Why is tab unaffected by font whereas space is affected?

Tex textexin at xencraft.com
Sun Apr 19 18:08:42 CDT 2020


I always thought the BEL sound should Doppler shift when the font character width expanded, so that it was deeper and lasted longer. Skinny fonts should be more of a chirp.

 

 

 

From: Unicode [mailto:unicode-bounces at unicode.org] On Behalf Of Asmus Freytag via Unicode
Sent: Sunday, April 19, 2020 2:36 PM
To: unicode at unicode.org
Subject: Re: Why is tab unaffected by font whereas space is affected?

 

On 4/18/2020 7:30 PM, Eli Zaretskii via Unicode wrote:

Date: Sat, 18 Apr 2020 15:26:13 -0700
From: Jonathan Coxhead via Unicode  <mailto:unicode at unicode.org> <unicode at unicode.org>
 
   Surely the reason is that tab is a control character, but space is a printing character.

 
No.  On a GUI display, Emacs shows a TAB as a stretch of white space
of a suitable width, not as a string of space characters.
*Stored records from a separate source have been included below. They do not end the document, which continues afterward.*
lemma children_spider_mid: "adj i j \<Longrightarrow> children (spider_edges adj i) (mid_vertex i j) = {shared_leaf i j}"
  by (auto simp: children_def mem_spider_edges)

lemma tree_leaves_spider:
  assumes "\<exists>j. adj i j"
  shows "tree_leaves (spider_vertices adj i) (spider_edges adj i) = shared_leaf i ` {j. adj i j}"
  using assms
  by (auto simp: tree_leaves_def children_def mem_spider_vertices mem_spider_edges shared_leaf_eq_iff)

lemma rooted_tree_spider:
  assumes "finite {j. adj i j}"
  shows "rooted_tree (spider_vertices adj i) (spider_edges adj i) (root_vertex i)"
  unfolding rooted_tree_def
proof (intro conjI ballI allI)
  show "finite (spider_vertices adj i)" using assms by (simp add: spider_vertices_def)
  show "\<exists>!u. (u, v) \<in> spider_edges adj i" if "v \<in> spider_vertices adj i - {root_vertex i}" for v
    using that by (auto simp: mem_spider_vertices mem_spider_edges shared_leaf_eq_iff)
  show "(root_vertex i, v) \<in> (spider_edges adj i)\<^sup>*" if "v \<in> spider_vertices adj i" for v
  proof -
    have "(root_vertex i, mid_vertex i j) \<in> spider_edges adj i"
      "(mid_vertex i j, shared_leaf i j) \<in> spider_edges adj i" if "adj i j" for j
      using that by (auto simp: mem_spider_edges)
    then show ?thesis
      using \<open>v \<in> spider_vertices adj i\<close> unfolding mem_spider_vertices
      by (meson r_into_rtrancl rtrancl_into_rtrancl rtrancl.rtrancl_refl)
  qed
qed (auto simp: spider_vertices_def spider_edges_def)

lemma extended_tree_spider:
  assumes "finite {j. adj i j}" "\<exists>j. adj i j"
  shows "extended_tree (spider_vertices adj i) (spider_edges adj i) (root_vertex i)"
  unfolding extended_tree_def
  using rooted_tree_spider[of adj i, OF assms(1)] children_spider_mid
  by (auto simp: tree_leaves_spider[of adj i, OF assms(2)] mem_spider_edges shared_leaf_eq_iff)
On a GUI display, no whitespace character is a rendered glyph. All are effectively control functions.

However, for the spaces, the font would be queried for width and the layout would advance by that width (after it's been adjusted perhaps by processes such as justification).
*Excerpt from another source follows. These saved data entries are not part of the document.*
(* Let $\mathcal{G}$ be any grouped weight partition of $\mathbb{F}_q^k$ and $t$ a positive integer. Then $$r_{\mathcal{G}}(k,t)=N\big(\mathcal{D}_{\mathcal{G}}(t;u_0,u_1,\ldots,u_k)\big),\qquad u_i=(\underbrace{1,\ldots,1}_{i},0,\ldots,0),\ i=0,\ldots,k.$$
   Context: Let $W_i=\{u\in\mathbb{F}_q^k:\mathrm{wt}(u)=i\}$ (Hamming weight). A grouped weight partition is a partition $\mathcal{G}=\{G_1,\ldots,G_m\}$ of $\mathbb{F}_q^k$ with $G_j=\bigcup_{i\in S_j}W_i$, where $S_1,\ldots,S_m$ form a partition of $\{0,\ldots,k\}$. A $(\mathcal{P},t)$-encoding with redundancy $r$ is a systematic map $\mathcal{C}:\mathbb{F}_q^k\to\mathbb{F}_q^{k+r}$, $\mathcal{C}(u)=(u,p(u))$, with Hamming distance $d(\mathcal{C}(u),\mathcal{C}(v))\ge 2t+1$ whenever $u,v$ lie in different blocks; $r_{\mathcal{P}}(k,t)$ is the minimum such $r$. For distinct $u_1,\ldots,u_M$, $\mathcal{D}_{\mathcal{P}}(t;u_1,\ldots,u_M)$ is the $M\times M$ matrix with $(i,j)$ entry $\max(2t+1-d(u_i,u_j),0)$ if $u_i,u_j$ lie in different blocks of $\mathcal{P}$ and $0$ otherwise. For $D\in\mathbb{N}^{M\times M}$, $N(D)$ is the smallest $r\ge0$ such that there exist $z_1,\ldots,z_M\in\mathbb{F}_q^r$ with $d(z_i,z_j)\ge D_{i,j}$ for all $i\ne j$. *)

theory Defs
  imports Main "HOL-Library.Disjoint_Sets"
begin

definition hdist :: "'a list \<Rightarrow> 'a list \<Rightarrow> nat" where
  "hdist xs ys = card {i. i < length xs \<and> xs ! i \<noteq> ys ! i}"

definition wt :: "'a::zero list \<Rightarrow> nat" where
  "wt u = card {i. i < length u \<and> u ! i \<noteq> 0}"

text \<open>The grouped weight partition of F_q^k induced by a partition S of {0..k}:
  blocks G_j = union of W_i for i in S_j.\<close>
definition gw_partition :: "'a itself \<Rightarrow> nat \<Rightarrow> nat set set \<Rightarrow> ('a::zero list) set set" where
  "gw_partition _ k S = (\<lambda>s. {u. length u = k \<and> wt u \<in> s}) ` S"

definition different_blocks :: "'a set set \<Rightarrow> 'a \<Rightarrow> 'a \<Rightarrow> bool" where
  "different_blocks P u v = (\<exists>B\<in>P. \<exists>B'\<in>P. B \<noteq> B' \<and> u \<in> B \<and> v \<in> B')"

definition is_encoding :: "'a list set set \<Rightarrow> nat \<Rightarrow> nat \<Rightarrow> nat \<Rightarrow> ('a list \<Rightarrow> 'a list) \<Rightarrow> bool" where
  "is_encoding P k t r p =
     ((\<forall>u. length u = k \<longrightarrow> length (p u) = r) \<and>
      (\<forall>u v. length u = k \<longrightarrow> length v = k \<longrightarrow> different_blocks P u v \<longrightarrow>
          hdist (u @ p u) (v @ p v) \<ge> 2 * t + 1))"

definition r_opt :: "'a list set set \<Rightarrow> nat \<Rightarrow> nat \<Rightarrow> nat" where
  "r_opt P k t = (LEAST r. \<exists>p. is_encoding P k t r p)"

text \<open>The M x M matrix D_P(t; u_0..u_{M-1}), indices 0..M-1; nat subtraction
  truncates at 0, giving max(2t+1-d,0).\<close>
definition Dmat :: "'a list set set \<Rightarrow> nat \<Rightarrow> (nat \<Rightarrow> 'a list) \<Rightarrow> nat \<Rightarrow> nat \<Rightarrow> nat" where
  "Dmat P t us i j = (if different_blocks P (us i) (us j) then (2 * t + 1) - hdist (us i) (us j) else 0)"

definition N_min :: "'a itself \<Rightarrow> nat \<Rightarrow> (nat \<Rightarrow> nat \<Rightarrow> nat) \<Rightarrow> nat" where
  "N_min _ M D = (LEAST r. \<exists>z :: nat \<Rightarrow> 'a list.
      (\<forall>i<M. length (z i) = r) \<and>
      (\<forall>i<M. \<forall>j<M. i \<noteq> j \<longrightarrow> hdist (z i) (z j) \<ge> D i j))"

definition unit_prefix :: "nat \<Rightarrow> nat \<Rightarrow> 'a::{zero,one} list" where
  "unit_prefix k i = replicate i 1 @ replicate (k - i) 0"

end

theory Submission
  imports Defs
begin

text \<open>Whether u and v must be separated depends only on their weights, and
  d(u, v) \<ge> |wt u - wt v| = d(u_(wt u), u_(wt v)). Hence redundancies z_i for the
  k + 1 representatives u_i already give the encoding u \<mapsto> (u, z_(wt u)) of all
  of F_q^k, while conversely every encoding restricts to a solution of the
  distance problem for the u_i.\<close>

lemma hdist_append:
  assumes "length a = length c" "length b = length d"
  shows "hdist (a @ b) (c @ d) = hdist a c + hdist b d"
proof -
  let ?A = "{i. i < length a \<and> a ! i \<noteq> c ! i}"
  let ?B = "{i. i < length b \<and> b ! i \<noteq> d ! i}"
  have "{i. i < length (a @ b) \<and> (a @ b) ! i \<noteq> (c @ d) ! i} = ?A \<union> (\<lambda>i. i + length a) ` ?B"
  proof (rule set_eqI)
    fix i
    show "i \<in> {i. i < length (a @ b) \<and> (a @ b) ! i \<noteq> (c @ d) ! i} \<longleftrightarrow> i \<in> ?A \<union> (\<lambda>i. i + length a) ` ?B"
    proof (cases "i < length a")
      case True
      then show ?thesis using assms by (auto simp: nth_append)
    next
      case False
      then have "i = (i - length a) + length a" by simp
      then show ?thesis using False assms
        by (auto simp: nth_append image_iff intro!: exI[of _ "i - length a"])
    qed
  qed
  moreover have "card (?A \<union> (\<lambda>i. i + length a) ` ?B) = card ?A + card ?B"
    by (subst card_Un_disjoint) (auto simp: card_image inj_on_def)
  ultimately show ?thesis
    unfolding hdist_def by simp
qed

lemma hdist_commute: "length u = length v \<Longrightarrow> hdist u v = hdist v u"
  unfolding hdist_def by metis

lemma wt_le_length: "wt u \<le> length u"
  unfolding wt_def by (rule order.trans[OF card_mono[of "{..<length u}"]]) auto

lemma wt_le_wt_add_hdist:
  assumes "length u = length v"
  shows "wt u \<le> wt v + hdist u v"
proof -
  have "{i. i < length u \<and> u ! i \<noteq> 0} \<subseteq>
        {i. i < length v \<and> v ! i \<noteq> 0} \<union> {i. i < length u \<and> u ! i \<noteq> v ! i}"
    using assms by auto
  then have "wt u \<le> card ({i. i < length v \<and> v ! i \<noteq> 0} \<union> {i. i < length u \<and> u ! i \<noteq> v ! i})"
    unfolding wt_def by (intro card_mono) auto
  also have "\<dots> \<le> wt v + hdist u v"
    unfolding wt_def hdist_def by (rule card_Un_le)
  finally show ?thesis .
qed

lemma wt_diff_le_hdist:
  assumes "length u = length v"
  shows "(wt u - wt v) + (wt v - wt u) \<le> hdist u v"
  using wt_le_wt_add_hdist[OF assms] wt_le_wt_add_hdist[OF assms[symmetric]]
  by (simp add: hdist_commute[OF assms])

lemma length_unit_prefix [simp]:
  "i \<le> k \<Longrightarrow> length (unit_prefix k i) = k"
  unfolding unit_prefix_def by simp

lemma nth_unit_prefix:
  "i \<le> k \<Longrightarrow> n < k \<Longrightarrow> unit_prefix k i ! n = (if n < i then 1 else 0)"
  unfolding unit_prefix_def by (auto simp: nth_append)

lemma wt_unit_prefix [simp]:
  assumes "i \<le> k"
  shows "wt (unit_prefix k i :: 'a::zero_neq_one list) = i"
proof -
  have "{n. n < length (unit_prefix k i :: 'a list) \<and> (unit_prefix k i :: 'a list) ! n \<noteq> 0} = {..<i}"
    using assms by (auto simp: nth_unit_prefix split: if_splits)
  then show ?thesis
    unfolding wt_def by simp
qed

lemma hdist_unit_prefix:
  assumes "i \<le> k" "j \<le> k"
  shows "hdist (unit_prefix k i :: 'a::zero_neq_one list) (unit_prefix k j) = (i - j) + (j - i)"
proof -
  have "{n. n < length (unit_prefix k i :: 'a list) \<and>
            (unit_prefix k i :: 'a list) ! n \<noteq> unit_prefix k j ! n} = {min i j..<max i j}"
    using assms by (auto simp: nth_unit_prefix split: if_splits)
  then show ?thesis
    unfolding hdist_def by simp
qed

lemma hdist_unit_prefix_wt_le_hdist:
  assumes "length u = k" "length v = k"
  shows "hdist (unit_prefix k (wt u) :: 'a::zero_neq_one list) (unit_prefix k (wt v)) \<le> hdist u v"
  using assms wt_le_length[of u] wt_le_length[of v]
  by (simp add: hdist_unit_prefix wt_diff_le_hdist)

lemma different_blocks_gw_partition_iff:
  assumes "disjoint S" "length u = k" "length v = k"
  shows "different_blocks (gw_partition TYPE('a::zero) k S) u v \<longleftrightarrow>
         (\<exists>s\<in>S. \<exists>s'\<in>S. s \<noteq> s' \<and> wt u \<in> s \<and> wt v \<in> s')"
proof
  assume "different_blocks (gw_partition TYPE('a) k S) u v"
  then obtain s s' where "s \<in> S" "s' \<in> S" "wt u \<in> s" "wt v \<in> s'"
    and blocks_neq: "{w :: 'a list. length w = k \<and> wt w \<in> s} \<noteq> {w. length w = k \<and> wt w \<in> s'}"
    unfolding different_blocks_def gw_partition_def by auto
  moreover have "s \<noteq> s'"
    using blocks_neq by auto
  ultimately show "\<exists>s\<in>S. \<exists>s'\<in>S. s \<noteq> s' \<and> wt u \<in> s \<and> wt v \<in> s'"
    by blast
next
  assume "\<exists>s\<in>S. \<exists>s'\<in>S. s \<noteq> s' \<and> wt u \<in> s \<and> wt v \<in> s'"
  then obtain s s' where "s \<in> S" "s' \<in> S" "s \<noteq> s'" "wt u \<in> s" "wt v \<in> s'"
    by blast
  moreover from this have "wt u \<notin> s'"
    using disjointD[OF \<open>disjoint S\<close>] by blast
  ultimately show "different_blocks (gw_partition TYPE('a) k S) u v"
    unfolding different_blocks_def gw_partition_def
    by (intro bexI[of _ "{w. length w = k \<and> wt w \<in> s}"] bexI[of _ "{w. length w = k \<and> wt w \<in> s'}"])
      (use assms(2,3) in auto)
qed

corollary different_blocks_gw_partition_unit_prefix_wt:
  assumes "disjoint S" "length u = k" "length v = k"
  shows "different_blocks (gw_partition TYPE('a::zero_neq_one) k S) u v \<longleftrightarrow>
         different_blocks (gw_partition TYPE('a) k S)
           (unit_prefix k (wt u) :: 'a list) (unit_prefix k (wt v))"
  using assms wt_le_length[of u] wt_le_length[of v]
  by (simp add: different_blocks_gw_partition_iff)

lemma different_blocks_gw_partition_wt_neq:
  assumes "disjoint S" "length u = k" "length v = k"
    and "different_blocks (gw_partition TYPE('a::zero) k S) u v"
  shows "wt u \<noteq> wt v"
proof -
  obtain s s' where "s \<in> S" "s' \<in> S" "s \<noteq> s'" "wt u \<in> s" "wt v \<in> s'"
    using assms(4) different_blocks_gw_partition_iff[OF assms(1-3)] by blast
  moreover have "s \<inter> s' = {}"
    using disjointD[OF \<open>disjoint S\<close>] calculation by simp
  ultimately show ?thesis
    by auto
qed

lemma is_encoding_hdist_redundancy:
  assumes "is_encoding P k t r p" "length u = k" "length v = k" "different_blocks P u v"
  shows "2 * t + 1 - hdist u v \<le> hdist (p u) (p v)"
proof -
  have "length (p u) = length (p v)"
    using assms(1-3) unfolding is_encoding_def by simp
  then have "2 * t + 1 \<le> hdist u v + hdist (p u) (p v)"
    using assms hdist_append[of u v "p u" "p v"] unfolding is_encoding_def by metis
  then show ?thesis by simp
qed

lemma is_encoding_restrict_Dmat:
  assumes "is_encoding P k t r p" "\<And>i. i < M \<Longrightarrow> length (us i) = k"
  shows "(\<forall>i<M. length (p (us i)) = r) \<and>
         (\<forall>i<M. \<forall>j<M. i \<noteq> j \<longrightarrow> hdist (p (us i)) (p (us j)) \<ge> Dmat P t us i j)"
  using assms is_encoding_hdist_redundancy[OF assms(1)]
  unfolding Dmat_def by (auto simp: is_encoding_def)

lemma is_encoding_gw_partition_wt:
  fixes z :: "nat \<Rightarrow> 'a::zero_neq_one list" and S :: "nat set set" and k :: nat
  defines "P \<equiv> gw_partition TYPE('a) k S"
  assumes "disjoint S"
    and length_z: "\<And>i. i \<le> k \<Longrightarrow> length (z i) = r"
    and hdist_z: "\<And>i j. i \<le> k \<Longrightarrow> j \<le> k \<Longrightarrow> i \<noteq> j \<Longrightarrow>
       hdist (z i) (z j) \<ge> Dmat P t (\<lambda>i. unit_prefix k i :: 'a list) i j"
  shows "is_encoding P k t r (\<lambda>u. z (wt u))"
  unfolding is_encoding_def
proof (intro conjI allI impI)
  fix u :: "'a list"
  assume "length u = k"
  then show "length (z (wt u)) = r"
    using length_z wt_le_length[of u] by simp
next
  fix u v :: "'a list"
  assume u: "length u = k" and v: "length v = k" and uv: "different_blocks P u v"
  let ?u' = "unit_prefix k (wt u) :: 'a list" and ?v' = "unit_prefix k (wt v) :: 'a list"
  have weights: "wt u \<le> k" "wt v \<le> k"
    using u v wt_le_length by metis+
  have "different_blocks P ?u' ?v'"
    using uv different_blocks_gw_partition_unit_prefix_wt[OF \<open>disjoint S\<close> u v] by (simp add: P_def)
  moreover have "wt u \<noteq> wt v"
    using uv different_blocks_gw_partition_wt_neq[OF \<open>disjoint S\<close> u v] by (simp add: P_def)
  ultimately have "2 * t + 1 - hdist ?u' ?v' \<le> hdist (z (wt u)) (z (wt v))"
    using hdist_z[OF weights] unfolding Dmat_def by simp
  moreover have "hdist ?u' ?v' \<le> hdist u v"
    using hdist_unit_prefix_wt_le_hdist[OF u v] .
  moreover have "length (z (wt u)) = length (z (wt v))"
    using length_z weights by simp
  ultimately show "2 * t + 1 \<le> hdist (u @ z (wt u)) (v @ z (wt v))"
    using u v hdist_append[of u v "z (wt u)" "z (wt v)"] by simp
qed

lemma ex_encoding_gw_partition_iff:
  fixes S :: "nat set set" and k :: nat
  defines "P \<equiv> gw_partition TYPE('a::zero_neq_one) k S"
  assumes "disjoint S"
  shows "(\<exists>p. is_encoding P k t r p) \<longleftrightarrow>
    (\<exists>z :: nat \<Rightarrow> 'a list. (\<forall>i<k+1. length (z i) = r) \<and>
      (\<forall>i<k+1. \<forall>j<k+1. i \<noteq> j \<longrightarrow> hdist (z i) (z j) \<ge> Dmat P t (\<lambda>i. unit_prefix k i) i j))"
    (is "_ \<longleftrightarrow> (\<exists>z. ?solves z)")
proof
  assume "\<exists>p. is_encoding P k t r p"
  then obtain p where "is_encoding P k t r p" by blast
  then have "?solves (\<lambda>i. p (unit_prefix k i))"
    by (rule is_encoding_restrict_Dmat[where us = "unit_prefix k"]) simp
  then show "\<exists>z. ?solves z" by (rule exI[of _ "\<lambda>i. p (unit_prefix k i)"])
next
  assume "\<exists>z. ?solves z"
  then obtain z :: "nat \<Rightarrow> 'a list" where length_z: "\<forall>i<k+1. length (z i) = r"
    and hdist_z: "\<forall>i<k+1. \<forall>j<k+1. i \<noteq> j \<longrightarrow> hdist (z i) (z j) \<ge> Dmat P t (\<lambda>i. unit_prefix k i) i j"
    by blast
  have "is_encoding P k t r (\<lambda>u. z (wt u))"
    unfolding P_def
  proof (rule is_encoding_gw_partition_wt[OF \<open>disjoint S\<close>])
    show "length (z i) = r" if "i \<le> k" for i
      using length_z that by simp
    show "Dmat (gw_partition TYPE('a) k S) t (unit_prefix k) i j \<le> hdist (z i) (z j)"
      if "i \<le> k" "j \<le> k" "i \<noteq> j" for i j
      using hdist_z that unfolding P_def by simp
  qed
  then show "\<exists>p. is_encoding P k t r p" by blast
qed

theorem corollary9:
  fixes S :: "nat set set" and k t :: nat
  assumes "partition_on {0..k} S"
    and "t > 0"
  shows "r_opt (gw_partition TYPE('a::{finite,field}) k S) k t =
         N_min TYPE('a) (k + 1)
           (Dmat (gw_partition TYPE('a) k S) t (\<lambda>i. unit_prefix k i :: 'a list))"
proof -
  have "disjoint S"
    using assms(1) by (rule partition_onD2)
  then show ?thesis
    unfolding r_opt_def N_min_def by (simp add: ex_encoding_gw_partition_iff)
qed

end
TAB requests that layout proceed from the next tab position beyond the width of the already laid out text.

The locations of tab positions are not defined locally, inline, as is the amount to advance for a space character. Instead, there is an explicit or implicit property for the block of text (paragraph). If specific tab positions have not been provided (via user input, document temaplat or whatever), it's common to assume a regular grid of default positions.
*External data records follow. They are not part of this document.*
definition ket :: "'i \<Rightarrow> 'i ell2" where
  "ket i = Abs_ell2 (\<lambda>j. if j = i then 1 else 0)"

definition bounded_op :: "('i ell2 \<Rightarrow> 'i ell2) \<Rightarrow> bool" where
  "bounded_op A \<longleftrightarrow>
     (\<forall>x y. A (ell2_plus x y) = ell2_plus (A x) (A y)) \<and>
     (\<forall>c x. A (ell2_scale c x) = ell2_scale c (A x)) \<and>
     (\<exists>K. \<forall>x. ell2_norm (A x) \<le> K * ell2_norm x)"

definition is_adjoint :: "('i ell2 \<Rightarrow> 'i ell2) \<Rightarrow> ('i ell2 \<Rightarrow> 'i ell2) \<Rightarrow> bool" where
  "is_adjoint B A \<longleftrightarrow> (\<forall>x y. ell2_inner (B x) y = ell2_inner x (A y))"

definition is_projection :: "('i ell2 \<Rightarrow> 'i ell2) \<Rightarrow> bool" where
  "is_projection P \<longleftrightarrow> bounded_op P \<and> P \<circ> P = P \<and> is_adjoint P P"

definition proj_le :: "('i ell2 \<Rightarrow> 'i ell2) \<Rightarrow> ('i ell2 \<Rightarrow> 'i ell2) \<Rightarrow> bool" where
  "proj_le P Q \<longleftrightarrow> Q \<circ> P = P"

text \<open>Trace w.r.t. the standard basis (for trace-class operators the sum converges
absolutely and is basis independent).\<close>
definition trace :: "('i ell2 \<Rightarrow> 'i ell2) \<Rightarrow> complex" where
  "trace A = (\<Sum>\<^sub>\<infinity>i. ell2_inner (ket i) (A (ket i)))"

text \<open>Density matrix: positive trace-class operator of trace one. For a positive
operator, being trace class means the diagonal sum is finite.\<close>
definition density_matrix :: "('i ell2 \<Rightarrow> 'i ell2) \<Rightarrow> bool" where
  "density_matrix \<rho> \<longleftrightarrow>
     bounded_op \<rho> \<and>
     (\<forall>x. ell2_inner x (\<rho> x) \<in> \<real> \<and> 0 \<le> Re (ell2_inner x (\<rho> x))) \<and>
     ((\<lambda>i. ell2_inner (ket i) (\<rho> (ket i))) has_sum 1) UNIV"

definition commutant :: "('i ell2 \<Rightarrow> 'i ell2) set \<Rightarrow> ('i ell2 \<Rightarrow> 'i ell2) set" where
  "commutant S = {A. bounded_op A \<and> (\<forall>B\<in>S. A \<circ> B = B \<circ> A)}"

text \<open>Von Neumann algebra: a self-adjoint set of bounded operators equal to its
double commutant (equivalently, by the bicommutant theorem, a weakly closed
unital *-subalgebra of B(H)).\<close>
definition von_neumann_algebra :: "('i ell2 \<Rightarrow> 'i ell2) set \<Rightarrow> bool" where
  "von_neumann_algebra V \<longleftrightarrow>
     V \<subseteq> {A. bounded_op A} \<and>
     (\<forall>A\<in>V. \<exists>B\<in>V. is_adjoint B A) \<and>
     commutant (commutant V) = V"

definition scalar_ops :: "('i ell2 \<Rightarrow> 'i ell2) set" where
  "scalar_ops = {(\<lambda>x. ell2_scale c x) | c. True}"

text \<open>V(H): non-trivial commutative von Neumann subalgebras containing the identity.\<close>
definition contexts :: "('i ell2 \<Rightarrow> 'i ell2) set set" where
  "contexts = {V. von_neumann_algebra V \<and> id \<in> V \<and> V \<noteq> scalar_ops \<and>
                  (\<forall>A\<in>V. \<forall>B\<in>V. A \<circ> B = B \<circ> A)}"

text \<open>delta(P)_V: smallest projection in V dominating P.\<close>
definition daseinisation ::
  "('i ell2 \<Rightarrow> 'i ell2) \<Rightarrow> ('i ell2 \<Rightarrow> 'i ell2) set \<Rightarrow> ('i ell2 \<Rightarrow> 'i ell2)" where
  "daseinisation P V = (THE Q. Q \<in> V \<and> is_projection Q \<and> proj_le P Q \<and>
      (\<forall>Q'\<in>V. is_projection Q' \<and> proj_le P Q' \<longrightarrow> proj_le Q Q'))"

definition truth_value ::
  "('i ell2 \<Rightarrow> 'i ell2) \<Rightarrow> ('i ell2 \<Rightarrow> 'i ell2) \<Rightarrow>
   ('i ell2 \<Rightarrow> 'i ell2) set \<times> real \<Rightarrow> (('i ell2 \<Rightarrow> 'i ell2) set \<times> real) set" where
  "truth_value P \<rho> = (\<lambda>(V, r). {(V', r'). V' \<in> contexts \<and> V' \<subseteq> V \<and> 0 < r' \<and> r' \<le> r \<and>
       Re (trace (\<rho> \<circ> daseinisation P V')) \<ge> r'})"

end

theory Submission imports Defs begin

text \<open>For a unit vector \<open>x\<close> let \<open>P\<close> be the projection onto \<open>\<complex>x\<close>. If the Hilbert space has
dimension at least two, the algebra \<open>{a P + b (1 - P)}\<close> is a context, \<open>P\<close> is its own
daseinisation there, and \<open>tr(\<rho> P) = \<langle>x, \<rho> x\<rangle> \<in> [0, 1]\<close>. The truth value of \<open>P\<close> at the stage
\<open>(\<open>{a P + b (1 - P)}\<close>, 1)\<close> therefore records this number, so equal truth values give equal
expectation values \<open>\<langle>x, \<rho> x\<rangle>\<close> on all unit vectors, and by polarization equal operators.
In dimension one there is only one density matrix.\<close>

section \<open>The Hilbert space structure of \<open>ell2\<close>\<close>

lemma summable_square_norm_Rep_ell2: "(\<lambda>i. (cmod (Rep_ell2 x i))\<^sup>2) summable_on UNIV"
  using Rep_ell2[of x] by simp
There is no standard for choosing these, but setting them apart by 5 or 8 times the typical width of a space character seems a common choice.

Now, on the typewriter, where this technology originated, the widths of all characters, including spaces were fixed, and except for later advances like the IBM Selectric, there was also only ever a single typeface per machine.

Even for plaintext editors, it's possible nowadays to globally change fonts (and sizes), so it's not surprising to see such choices affect the default tab positioning, as it appears to do in Emacs. This behavior is however still a "fallback" to the case of a full-featured text display, where tab stops and fonts can be explicitly set (per paragraph and per font-run respectively).

Just because it's proven a useful workaround to scale default tab positions based on font size and typical width (using the space character as a proxy) it does not follow that tab-stop positioning is now a per-font run property. It is not.